***** EXERCISE MATERIALS
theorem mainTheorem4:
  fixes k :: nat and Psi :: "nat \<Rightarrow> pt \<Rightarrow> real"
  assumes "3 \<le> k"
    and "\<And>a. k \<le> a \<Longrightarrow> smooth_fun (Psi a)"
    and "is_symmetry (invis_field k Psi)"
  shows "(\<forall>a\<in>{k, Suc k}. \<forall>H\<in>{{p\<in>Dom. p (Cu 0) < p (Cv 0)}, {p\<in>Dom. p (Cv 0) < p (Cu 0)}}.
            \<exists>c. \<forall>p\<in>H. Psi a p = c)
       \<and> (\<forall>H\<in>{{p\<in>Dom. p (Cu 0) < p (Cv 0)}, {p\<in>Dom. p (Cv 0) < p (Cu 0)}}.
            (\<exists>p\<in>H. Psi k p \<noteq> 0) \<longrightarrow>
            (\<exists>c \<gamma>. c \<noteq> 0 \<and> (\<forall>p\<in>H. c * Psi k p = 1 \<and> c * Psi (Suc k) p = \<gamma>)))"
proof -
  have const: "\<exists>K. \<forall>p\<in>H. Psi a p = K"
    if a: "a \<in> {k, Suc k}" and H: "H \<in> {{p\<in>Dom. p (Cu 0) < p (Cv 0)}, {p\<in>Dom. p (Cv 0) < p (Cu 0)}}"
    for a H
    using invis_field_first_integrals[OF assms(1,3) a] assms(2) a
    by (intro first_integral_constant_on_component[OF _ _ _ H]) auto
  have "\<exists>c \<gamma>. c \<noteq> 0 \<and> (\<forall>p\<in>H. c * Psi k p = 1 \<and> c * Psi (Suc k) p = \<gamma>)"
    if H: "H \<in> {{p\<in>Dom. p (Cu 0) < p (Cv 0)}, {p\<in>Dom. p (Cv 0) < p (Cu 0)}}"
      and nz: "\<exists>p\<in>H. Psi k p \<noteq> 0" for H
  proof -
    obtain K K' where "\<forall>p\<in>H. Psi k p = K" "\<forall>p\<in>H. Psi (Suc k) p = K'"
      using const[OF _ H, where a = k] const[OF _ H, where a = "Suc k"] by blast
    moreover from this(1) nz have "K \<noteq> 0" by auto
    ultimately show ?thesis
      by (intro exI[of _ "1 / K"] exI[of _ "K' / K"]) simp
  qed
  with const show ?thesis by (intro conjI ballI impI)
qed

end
**********
> [WHAT YOU HAVE TO DO]:
Say only the number of lines above holding "intro".

> [SOLUTION]:
3